▸ **Assigned task**:
Your task is to quote the records from their first line through the line containing "by (simp add: algebra_simps flip: exp_of_nat_mult", with nothing added or left out.

[Stored items]
────────────────
lemma phi_less:
  assumes "0 < s" "s < t"
  shows "phi s < phi t"
proof (rule DERIV_pos_imp_increasing[OF \<open>s < t\<close>])
  fix v
  assume "s \<le> v" "v \<le> t"
  with assms have "0 < v"
    by linarith
  then have "0 < 1 - exp (-v)"
    by simp
  have "v ^ 2 * exp (-v) < (2 * sinh (v / 2)) ^ 2 * exp (-v)"
    using sinh_real_gt[of "v / 2"] \<open>0 < v\<close> by (intro mult_strict_right_mono power_strict_mono) auto
  then have "v ^ 2 * exp (-v) < (1 - exp (-v)) ^ 2"
    by (simp add: one_minus_exp_neg_eq_sinh mult.commute)
  then have "0 < - exp (-v) / (1 - exp (-v)) ^ 2 + 1 / v ^ 2"
    using \<open>0 < v\<close> \<open>0 < 1 - exp (-v)\<close> by (simp add: field_simps)
  moreover have "(phi has_real_derivative - exp (-v) / (1 - exp (-v)) ^ 2 + 1 / v ^ 2) (at v)"
    unfolding phi_def[abs_def] using \<open>0 < v\<close> \<open>0 < 1 - exp (-v)\<close>
    by (auto intro!: derivative_eq_intros simp: power2_eq_square field_simps)
  ultimately show "\<exists>y. (phi has_real_derivative y) (at v) \<and> 0 < y"
    by blast
qed

definition expsum0 :: "real \<Rightarrow> real \<Rightarrow> real" where
  "expsum0 x t = exp (-x * t) / (1 - exp (-t)) ^ 2"

definition expsum1 :: "real \<Rightarrow> real \<Rightarrow> real" where
  "expsum1 x t = expsum0 x t * (2 / (1 - exp (-t)) + x - 2)"

lemma exp_shift_power: "exp (-(x + real k) * t) = exp (-x * t) * exp (-t) ^ k"
  by (simp add: algebra_simps flip: exp_of_nat_mult exp_add)

lemma expsum0_sums:
  assumes "0 < t"
  shows "(\<lambda>k. (real k + 1) * exp (-(x + real k) * t)) sums expsum0 x t"
proof -
  have "norm (exp (-t)) < 1"
    using assms by simp
  then have "(\<lambda>k. exp (-x * t) * (of_nat (Suc k) * exp (-t) ^ k)) sums (exp (-x * t) * (1 / (1 - exp (-t)) ^ 2))"
    by (intro sums_mult geometric_deriv_sums)
  then show ?thesis
    unfolding exp_shift_power by (simp add: expsum0_def ac_simps)
qed

lemma expsum1_sums:
  assumes "0 < t"
  shows "(\<lambda>k. (real k + 1) * (x + real k) * exp (-(x + real k) * t)) sums expsum1 x t"
proof -
  define z where "z = exp (-t)"
  have "norm z < 1" "1 - z \<noteq> 0"
    using assms by (simp_all add: z_def)
  have field_eq: "e * (2 / w ^ 3 + (x - 2) * (1 / w ^ 2)) = e / w ^ 2 * (2 / w + x - 2)"
    if "w \<noteq> 0" for e w :: real
    using that by (simp add: field_simps eval_nat_numeral)
  have "(\<lambda>k. exp (-x * t) * (of_nat (Suc k) * of_nat (Suc (Suc k)) * z ^ k + (x - 2) * (of_nat (Suc k) * z ^ k)))
      sums (exp (-x * t) * (2 / (1 - z) ^ 3 + (x - 2) * (1 / (1 - z) ^ 2)))"
    using \<open>norm z < 1\<close> by (intro sums_mult sums_add geometric_deriv2_sums geometric_deriv_sums)
  also have "exp (-x * t) * (2 / (1 - z) ^ 3 + (x - 2) * (1 / (1 - z) ^ 2)) = expsum1 x t"
    using field_eq[OF \<open>1 - z \<noteq> 0\<close>] by (simp add: expsum1_def expsum0_def z_def)
  finally show ?thesis
    unfolding exp_shift_power z_def by (simp add: algebra_simps)
qed

lemma has_bochner_integral_power_times_exp:
  fixes a :: real
  assumes "0 < a"
  shows "has_bochner_integral lborel (\<lambda>t. if 0 < t then t ^ j * exp (-a * t) else 0) (fact j / a ^ (j + 1))"
proof (rule has_bochner_integral_nn_integral)
  have "(\<integral>\<^sup>+t. ennreal (if 0 < t then t ^ j * exp (-a * t) else 0) \<partial>lborel)
      = (\<integral>\<^sup>+t. ennreal (fact j / a ^ (j + 1)) * ennreal (erlang_density j a t) \<partial>lborel)"
    using assms
    by (intro nn_integral_cong_AE eventually_mono[OF AE_lborel_singleton[of 0]])
       (auto simp: erlang_density_def ennreal_mult[symmetric])
  also have "\<dots> = ennreal (fact j / a ^ (j + 1)) * (\<integral>\<^sup>+t. ennreal (erlang_density j a t) \<partial>lborel)"
    by (rule nn_integral_cmult) measurable
  also have "(\<integral>\<^sup>+t. ennreal (erlang_density j a t) \<partial>lborel) = 1"
    using nn_integral_erlang_ith_moment[OF assms, of j 0] by simp
  finally show "(\<integral>\<^sup>+t. ennreal (if 0 < t then t ^ j * exp (-a * t) else 0) \<partial>lborel) = ennreal (fact j / a ^ (j + 1))"
    by simp
qed (use assms in auto)

lemma has_bochner_integral_power_times_exp_series:
  fixes a c :: "nat \<Rightarrow> real" and F :: "real \<Rightarrow> real"
  assumes a: "\<And>k. 0 < a k" and c: "\<And>k. 0 \<le> c k"
    and F_sums: "\<And>t. 0 < t \<Longrightarrow> (\<lambda>k. c k * exp (-a k * t)) sums F t"
    and moments_summable: "summable (\<lambda>k. c k * (fact j / a k ^ (j + 1)))"
  shows "has_bochner_integral lborel (\<lambda>t. if 0 < t then t ^ j * F t else 0)
           (\<Sum>k. c k * (fact j / a k ^ (j + 1)))"
proof -
  define f where "f k t = c k * (if 0 < t then t ^ j * exp (-a k * t) else 0)" for k t
  have f_integral: "has_bochner_integral lborel (f k) (c k * (fact j / a k ^ (j + 1)))" for k
    unfolding f_def by (intro has_bochner_integral_mult_right has_bochner_integral_power_times_exp a)
  have norm_f: "norm (f k t) = f k t" for k t
    using c[of k] by (simp add: f_def)
  have f_sums: "(\<lambda>k. f k t) sums (if 0 < t then t ^ j * F t else 0)" for t
  proof (cases "0 < t")
    case True
    then show ?thesis
      using sums_mult[OF F_sums[OF True], of "t ^ j"] by (simp add: f_def ac_simps)
  qed (simp add: f_def)
  have f_integrable: "integrable lborel (f k)" for k
    using f_integral by (simp add: has_bochner_integral_iff)
  have "AE t in lborel. summable (\<lambda>k. norm (f k t))"
    using f_sums unfolding norm_f by (simp add: sums_iff)
  moreover have "summable (\<lambda>k. \<integral>t. norm (f k t) \<partial>lborel)"
    using f_integral moments_summable unfolding norm_f by (simp add: has_bochner_integral_iff)
  ultimately have "integrable lborel (\<lambda>t. \<Sum>k. f k t)"
    and "(\<lambda>k. integral\<^sup>L lborel (f k)) sums (\<integral>t. (\<Sum>k. f k t) \<partial>lborel)"
    using integrable_suminf sums_integral f_integrable by blast+
  moreover have "(\<lambda>t. \<Sum>k. f k t) = (\<lambda>t. if 0 < t then t ^ j * F t else 0)"
    using f_sums by (simp add: sums_iff)
  ultimately show ?thesis
    using f_integral by (simp add: has_bochner_integral_iff sums_iff)
qed

definition wzeta :: "real \<Rightarrow> nat \<Rightarrow> real" where
  "wzeta x s = (\<Sum>k. (real k + 1) / (x + real k) ^ s)"

lemma wzeta_summable:
  assumes "0 < x" "3 \<le> s"
  shows "summable (\<lambda>k. (real k + 1) / (x + real k) ^ s)"
proof (rule summable_comparison_test')
  show "summable (\<lambda>k. 2 * inverse (real k ^ 2))"
    by (intro summable_mult inverse_power_summable) simp
next
  fix k :: nat
  assume "1 \<le> k"
  then have k: "1 \<le> real k"
    by simp
  have "real k ^ 3 \<le> real k ^ s"
    using power_increasing[OF \<open>3 \<le> s\<close> k] .
  also have "\<dots> \<le> (x + real k) ^ s"
    using \<open>0 < x\<close> by (intro power_mono) auto
  finally have "(real k + 1) / (x + real k) ^ s \<le> (2 * real k) / real k ^ 3"
    using k by (intro frac_le) auto
  also have "\<dots> = 2 * inverse (real k ^ 2)"
    using k by (simp add: field_simps eval_nat_numeral)
  finally show "norm ((real k + 1) / (x + real k) ^ s) \<le> 2 * inverse (real k ^ 2)"
    using \<open>0 < x\<close> by simp
qed

lemma wzeta_sums: "0 < x \<Longrightarrow> 3 \<le> s \<Longrightarrow> (\<lambda>k. (real k + 1) / (x + real k) ^ s) sums wzeta x s"
  unfolding wzeta_def by (intro summable_sums wzeta_summable)

lemma wzeta_pos: "0 < x \<Longrightarrow> 3 \<le> s \<Longrightarrow> 0 < wzeta x s"
  unfolding wzeta_def by (rule suminf_pos2[OF wzeta_summable, of _ _ 0]) auto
────────────────
▸ **Output below**:
lemma phi_less:
  assumes "0 < s" "s < t"
  shows "phi s < phi t"
proof (rule DERIV_pos_imp_increasing[OF \<open>s < t\<close>])
  fix v
  assume "s \<le> v" "v \<le> t"
  with assms have "0 < v"
    by linarith
  then have "0 < 1 - exp (-v)"
    by simp
  have "v ^ 2 * exp (-v) < (2 * sinh (v / 2)) ^ 2 * exp (-v)"
    using sinh_real_gt[of "v / 2"] \<open>0 < v\<close> by (intro mult_strict_right_mono power_strict_mono) auto
  then have "v ^ 2 * exp (-v) < (1 - exp (-v)) ^ 2"
    by (simp add: one_minus_exp_neg_eq_sinh mult.commute)
  then have "0 < - exp (-v) / (1 - exp (-v)) ^ 2 + 1 / v ^ 2"
    using \<open>0 < v\<close> \<open>0 < 1 - exp (-v)\<close> by (simp add: field_simps)
  moreover have "(phi has_real_derivative - exp (-v) / (1 - exp (-v)) ^ 2 + 1 / v ^ 2) (at v)"
    unfolding phi_def[abs_def] using \<open>0 < v\<close> \<open>0 < 1 - exp (-v)\<close>
    by (auto intro!: derivative_eq_intros simp: power2_eq_square field_simps)
  ultimately show "\<exists>y. (phi has_real_derivative y) (at v) \<and> 0 < y"
    by blast
qed

definition expsum0 :: "real \<Rightarrow> real \<Rightarrow> real" where
  "expsum0 x t = exp (-x * t) / (1 - exp (-t)) ^ 2"

definition expsum1 :: "real \<Rightarrow> real \<Rightarrow> real" where
  "expsum1 x t = expsum0 x t * (2 / (1 - exp (-t)) + x - 2)"

lemma exp_shift_power: "exp (-(x + real k) * t) = exp (-x * t) * exp (-t) ^ k"
  by (simp add: algebra_simps flip: exp_of_nat_mult exp_add)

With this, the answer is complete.